In doing so, projects should be selected based on their ability to support organizational strategy. For example, if an organization has stated their mission is to provide superior customer service, projects that enhance customer service should be designed and selected. If an organization is focused on innovation as a source of competitive advantage, research and development projects might be the best options to pick.
There are instances in organizations where conditions can be improved or situations resolved through the implementation of particular projects. This is the concept of using projects to solve organizational problems. When this is the case, projects are selected to remove hindrance and impediments to smooth, efficient, organizational operations.
Taking Advantage of Opportunities
Smart managers are always on the lookout for new opportunities to take advantage of. Opportunities can be identified to further a number of different organizational goals, from increasing profits to entering new markets or developing new products and services. But identified opportunities rarely take advantage of themselves. In many cases, projects can be designed, selected, and implemented specifically to take advantage of opportunities identified by organizational leadership.
In a dynamic business environment, the one constant is change. Industry, regulatory, and market conditions often create changing requirements. When this is the case, new organizational projects are sometimes the best way to go about fulfilling new requirements.
A recent example was the implementation of the European data protection laws (GDPR) that went into effect in 2018. In order to achieve compliance, organizations had to undertake projects of all types, such as enacting data security procedures and planning employee training sessions.

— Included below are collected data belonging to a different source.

lemma convex_homothety_image_subset:
  fixes S :: "'a::real_vector set"
  assumes "convex S" "p \<in> S" "0 \<le> lam" "lam \<le> 1"
  shows "(\<lambda>x. p + lam *\<^sub>R (x - p)) ` S \<subseteq> S"
proof clarify
  fix x assume "x \<in> S"
  have "p + lam *\<^sub>R (x - p) = (1 - lam) *\<^sub>R p + lam *\<^sub>R x"
    by (simp add: algebra_simps)
  also have "\<dots> \<in> S"
    using assms \<open>x \<in> S\<close> by (intro convexD) auto
  finally show "p + lam *\<^sub>R (x - p) \<in> S" .
qed

lemma triangle_point_in_homothetic_copy:
  fixes S :: "'a::real_vector set"
  assumes mem: "convex S" "c \<in> S" "v \<in> S" "w \<in> S" "c + (1/2) *\<^sub>R (w - v) \<in> S"
    and coords: "0 \<le> b" "b \<le> a" "a + b \<le> 1"
    and lam_range: "1/2 < lam" "lam \<le> 1"
  shows "c + a *\<^sub>R (v - c) + b *\<^sub>R (w - c)
           \<in> (\<lambda>y. c + lam *\<^sub>R (y - c)) ` S \<union> (\<lambda>y. v + lam *\<^sub>R (y - v)) ` S"
    (is "?x \<in> _")
proof (cases "a + b \<le> lam")
  case True
  define y where "y = c + (a / lam) *\<^sub>R (v - c) + (b / lam) *\<^sub>R (w - c)"
  have "y \<in> S"
    unfolding y_def using mem coords lam_range True
    by (intro convex_triangle_mem) (auto simp: field_simps)
  moreover have "c + lam *\<^sub>R (y - c) = ?x"
    unfolding y_def using lam_range by (simp add: algebra_simps)
  ultimately show ?thesis by (metis UnI1 rev_image_eqI)
next
  case False
  define y where "y = c + ((lam + a - 1) / lam) *\<^sub>R (v - c) + (b / lam) *\<^sub>R (w - c)"
  have "v + lam *\<^sub>R (y - v)
      = v + lam *\<^sub>R (c - v) + (lam * ((lam + a - 1) / lam)) *\<^sub>R (v - c) + (lam * (b / lam)) *\<^sub>R (w - c)"
    unfolding y_def by (simp add: algebra_simps)
  also have "\<dots> = ?x"
  proof -
    have coeffs: "lam * ((lam + a - 1) / lam) = lam + a - 1" "lam * (b / lam) = b"
      using lam_range by simp_all
    show ?thesis
      unfolding coeffs by (simp add: algebra_simps)
  qed
  finally have "v + lam *\<^sub>R (y - v) = ?x" .
  moreover have "y \<in> S"
  proof (cases "1 - lam \<le> a")
    case True
    then show ?thesis
      unfolding y_def using mem coords lam_range
      by (intro convex_triangle_mem) (auto simp: field_simps)
  next
    case False
    \<comment> \<open>The coordinate along \<open>v - c\<close> is negative: use the triangle \<open>c, c + (w - v)/2, w\<close> instead.\<close>
    define s where "s = 2 * (1 - lam - a) / lam"
    define t where "t = (lam + a + b - 1) / lam"
    have coeffs: "- s / 2 = (lam + a - 1) / lam" "s / 2 + t = b / lam"
      unfolding s_def t_def using lam_range by (simp_all add: field_simps)
    have "y = c + (- s / 2) *\<^sub>R (v - c) + (s / 2 + t) *\<^sub>R (w - c)"
      unfolding y_def coeffs ..
    also have "\<dots> = c + s *\<^sub>R ((c + (1/2) *\<^sub>R (w - v)) - c) + t *\<^sub>R (w - c)"
      by (simp add: algebra_simps)
    also have "\<dots> \<in> S"
    proof (rule convex_triangle_mem)
      have "s + t = (1 - lam - a + b) / lam"
        unfolding s_def t_def using lam_range by (simp add: field_simps)
      also have "\<dots> \<le> 1"
        using lam_range coords by simp
      finally show "s + t \<le> 1" .
    qed (use mem coords lam_range False \<open>\<not> a + b \<le> lam\<close> in \<open>auto simp: s_def t_def\<close>)
    finally show ?thesis .
  qed
  ultimately show ?thesis by (metis UnI2 rev_image_eqI)
qed

lemma cis_add_multiple_2pi: "n \<in> \<int> \<Longrightarrow> cis (a + 2 * pi * n) = cis a"
  by (metis cis_mult cis_multiple_2pi mult.right_neutral)

lemma cos_le_cos_between:
  assumes "0 \<le> a" "a \<le> pi" "a \<le> y" "y \<le> 2 * pi - a"
  shows "cos y \<le> cos a"
proof (cases "y \<le> pi")
  case True
  then show ?thesis using assms by (intro cos_monotone_0_pi_le) auto
next
  case False
  have "cos y = cos (2 * pi - y)" by (simp add: cos_diff)
  also have "\<dots> \<le> cos a" using assms False by (intro cos_monotone_0_pi_le) auto
  finally show ?thesis .
qed

lemma sin_le_cos: "0 \<le> x \<Longrightarrow> x \<le> pi / 4 \<Longrightarrow> sin x \<le> cos x"
  unfolding sin_cos_eq by (intro cos_monotone_0_pi_le) auto

lemma cos_pi_div_pos: "3 \<le> k \<Longrightarrow> 0 < cos (pi / real k)"
proof (rule cos_gt_zero_pi)
  assume "3 \<le> k"
  then have "0 < pi / real k" by simp
  then show "- (pi / 2) < pi / real k" using pi_gt_zero by linarith
  have "pi / real k \<le> pi / 3" using \<open>3 \<le> k\<close> by (intro divide_left_mono) auto
  then show "pi / real k < pi / 2" using pi_gt_zero by linarith
qed

lemma sin_cis_interpolation:
  "complex_of_real (sin f) * cis (a + s * f)
     = complex_of_real (sin ((1 - s) * f)) * cis a + complex_of_real (sin (s * f)) * cis (a + f)"
proof -
  have "(1 - s) * f = f - s * f" by (simp add: algebra_simps)
  then show ?thesis
    by (simp add: complex_eq_iff sin_diff cos_add sin_add algebra_simps)
qed

lemma cis_mem_sector:
  assumes "0 < k"
  shows "\<exists>m<k. \<exists>s. 0 \<le> s \<and> s < 1 \<and> cis a = cis (theta + (real m + s) * (2 * pi / real k))"
proof -
  define f where "f = 2 * pi / real k"
  define t where "t = (a - theta) / f"
  define n where "n = \<lfloor>t\<rfloor>"
  define m where "m = nat (n mod int k)"
  define s where "s = t - of_int n"
  have f0: "0 < f" unfolding f_def using assms by simp
  have "m < k" unfolding m_def using assms by (simp add: nat_less_iff)
  moreover have "0 \<le> s" "s < 1" unfolding s_def n_def by linarith+
  moreover have "cis a = cis (theta + (real m + s) * f)"
  proof -
    have "n = int m + int k * (n div int k)" unfolding m_def using assms by simp
    then have "real_of_int n = real m + real k * real_of_int (n div int k)"
      by (metis of_int_add of_int_mult of_int_of_nat_eq)
    then have "a = theta + (real m + s) * f + 2 * pi * real_of_int (n div int k)"
      using f0 assms unfolding s_def t_def f_def by (simp add: field_simps)
    then show ?thesis by (simp add: cis_add_multiple_2pi)
  qed
  ultimately show ?thesis unfolding f_def by blast
qed

definition edge_normal :: "nat \<Rightarrow> real \<Rightarrow> nat \<Rightarrow> complex" where
  "edge_normal k theta m = cis (theta + (real m + 1/2) * (2 * pi / real k))"

lemma reg_vertex_cis:
  "reg_vertex k c r theta i = c + complex_of_real r * cis (theta + real i * (2 * pi / real k))"
  unfolding reg_vertex_def by (simp add: field_simps)

lemma reg_vertex_mod:
  assumes "0 < k"
  shows "reg_vertex k c r theta (m mod k) = reg_vertex k c r theta m"
proof -
  have "real m = real (m mod k) + real k * real (m div k)"
    by (metis of_nat_add of_nat_mult mod_mult_div_eq add.commute mult.commute)
  then have "theta + real m * (2 * pi / real k)
      = theta + real (m mod k) * (2 * pi / real k) + 2 * pi * real (m div k)"
    using assms by (simp add: field_simps)
  then show ?thesis
    unfolding reg_vertex_cis by (metis cis_add_multiple_2pi Ints_of_nat)
qed

lemma convex_regular_polygon: "convex (regular_polygon k c r theta)"
  unfolding regular_polygon_def by simp

lemma reg_vertex_in_regular_polygon:
  assumes "0 < k"
  shows "reg_vertex k c r theta m \<in> regular_polygon k c r theta"
proof -
  have "reg_vertex k c r theta (m mod k) \<in> regular_polygon k c r theta"
    unfolding regular_polygon_def using assms by (intro hull_inc) auto
  then show ?thesis using reg_vertex_mod[OF assms] by simp
qed

lemma center_in_regular_polygon:
  assumes "2 \<le> k"
  shows "c \<in> regular_polygon k c r theta"
proof -
  define f where "f = 2 * pi / real k"
  have "0 < f" "f \<le> pi" unfolding f_def using assms by (auto simp: field_simps)
  then have "cos f < cos 0" by (intro cos_monotone_0_pi) auto
  then have "cis f \<noteq> 1" by (auto simp: complex_eq_iff)
  moreover have "cis f ^ k = 1"
  proof -
    have "real k * f = 2 * pi" unfolding f_def using assms by simp
    then show ?thesis by (metis Complex.DeMoivre cis_2pi)
  qed
  ultimately have "(\<Sum>j<k. cis (theta + real j * f)) = 0"
    by (simp add: cis_mult [symmetric] Complex.DeMoivre [symmetric] sum_distrib_left [symmetric] sum_gp_strict)
  then have "(\<Sum>j<k. (1 / real k) *\<^sub>R reg_vertex k c r theta j) = c"
    using assms unfolding reg_vertex_cis f_def
    by (simp add: scaleR_conv_of_real sum.distrib algebra_simps flip: sum_distrib_left sum_divide_distrib)
  moreover have "(\<Sum>j<k. (1 / real k) *\<^sub>R reg_vertex k c r theta j) \<in> regular_polygon k c r theta"
    unfolding regular_polygon_def using assms by (intro convex_sum) (auto intro: hull_inc)
  ultimately show ?thesis by simp
qed

lemma inner_of_real_mult_cis: "inner (complex_of_real r * cis a) (cis b) = r * cos (a - b)"
  by (simp add: inner_complex_def cos_diff algebra_simps)

lemma inner_reg_vertex_edge_normal:
  "inner (reg_vertex k c r theta j - c) (edge_normal k theta m)
     = r * cos ((real j - real m - 1/2) * (2 * pi / real k))"
  unfolding reg_vertex_cis edge_normal_def by (simp add: inner_of_real_mult_cis algebra_simps)

lemma inner_sector_point_edge_normal:
  "inner (p *\<^sub>R (reg_vertex k c r theta m - c) + q *\<^sub>R (reg_vertex k c r theta (Suc m) - c))
         (edge_normal k theta m)
     = (p + q) * (r * cos (pi / real k))"
proof -
  have "cos ((real m - real m - 1/2) * (2 * pi / real k)) = cos (pi / real k)"
    "cos ((real (Suc m) - real m - 1/2) * (2 * pi / real k)) = cos (pi / real k)"
    by (simp_all add: field_simps)
  then show ?thesis
    unfolding inner_add_left inner_scaleR_left inner_reg_vertex_edge_normal
    by (simp add: algebra_simps)
qed

lemma regular_polygon_inner_edge_normal_le:
  assumes "0 \<le> r" "m < k" "z \<in> regular_polygon k c r theta"
  shows "inner (z - c) (edge_normal k theta m) \<le> r * cos (pi / real k)"
proof -
  define H where "H = {x. inner (x - c) (edge_normal k theta m) \<le> r * cos (pi / real k)}"
  have "H = {x. inner (edge_normal k theta m) x \<le> r * cos (pi / real k) + inner (edge_normal k theta m) c}"
    unfolding H_def by (auto simp: inner_diff_left inner_commute)
  then have "convex H" by (simp add: convex_halfspace_le)
  moreover have "reg_vertex k c r theta j \<in> H" if "j < k" for j
  proof -
    define d where "d = \<bar>real j - real m - 1/2\<bar> * (2 * pi / real k)"
    have "j \<le> m \<or> m + 1 \<le> j" by linarith
    then have "real j \<le> real m \<or> real m + 1 \<le> real j" by (metis of_nat_le_iff of_nat_Suc add.commute Suc_eq_plus1)
    then have "1/2 \<le> \<bar>real j - real m - 1/2\<bar>" "\<bar>real j - real m - 1/2\<bar> \<le> real k - 1/2"
      using \<open>j < k\<close> \<open>m < k\<close> by auto
    then have "1/2 * (2 * pi / real k) \<le> d" "d \<le> (real k - 1/2) * (2 * pi / real k)"
      unfolding d_def by (intro mult_right_mono; simp)+
    moreover have "1/2 * (2 * pi / real k) = pi / real k"
      "(real k - 1/2) * (2 * pi / real k) = 2 * pi - pi / real k"
      using \<open>m < k\<close> by (auto simp: field_simps)
    ultimately have "pi / real k \<le> d" "d \<le> 2 * pi - pi / real k" by simp_all
    then have "cos d \<le> cos (pi / real k)"
      using \<open>m < k\<close> by (intro cos_le_cos_between) (auto simp: field_simps)
    moreover have "cos ((real j - real m - 1/2) * (2 * pi / real k)) = cos d"
    proof -
      have "0 \<le> 2 * pi / real k" by simp
      then show ?thesis unfolding d_def by (metis abs_mult abs_of_nonneg cos_abs_real)
    qed
    ultimately show ?thesis
      unfolding H_def using assms(1) by (simp add: inner_reg_vertex_edge_normal mult_left_mono)
  qed
  ultimately have "regular_polygon k c r theta \<subseteq> H"
    unfolding regular_polygon_def by (intro hull_minimal) auto
  with assms(3) show ?thesis unfolding H_def by auto
qed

If deciding ‘what’ is a question of ‘when’, then the time frame for a project should be the main point of consideration in selection. This can be considered in two ways; time of implementation and total project life cycle time.
Time of implementation looks at when significant portions of the project are to be implemented. For example, are the organizational resources required for a project available when the project is planned for. Feasibility is another consideration; a local sports organization in Austria would be better off implementing a project to plan a triathlon to take place in summer, rather than in winter.
Total project life cycle time considers the total time of the project from selection and initiation to final closing and shut-down. This type of time frame is considered if there is a limited period of time available for the undertaking of a project.
Weighted Scoring Model (Decision Matrix)
Weighted scoring models are useful when the decision on project selection comes down to not one, but several factors. In this case, a weighted scoring model (AKA Decision Matrix) can be the best tool to examine, rate, and select among multiple options.
A weighted scoring model is developed by determining which factors are important to an organization in project selection. Those factors are then assigned a relative level of importance or value (weight). Then, the factors are examined and rated for each available project option under consideration, with the rating multiplied by the relative weight of the factor. The project with the highest total score is the one selected. The illustration below provides an example.
As project managers, it’s not always the case that we are able to select our own projects to work on. But when we can, either in the capacity of project managers or business leaders, the strategic selection of projects can be an important tool to further the success of all types of organizations. This is especially true as the trend continues in the direction of projectized models of organizational operations.
No list of selection methods can be complete or all-inclusive; not even a single best method exists. Still, the seven methods listed here provide a good start. Even when conditions and demands are different for various organizations, project selection should be done with the same level of consideration that goes into managing them.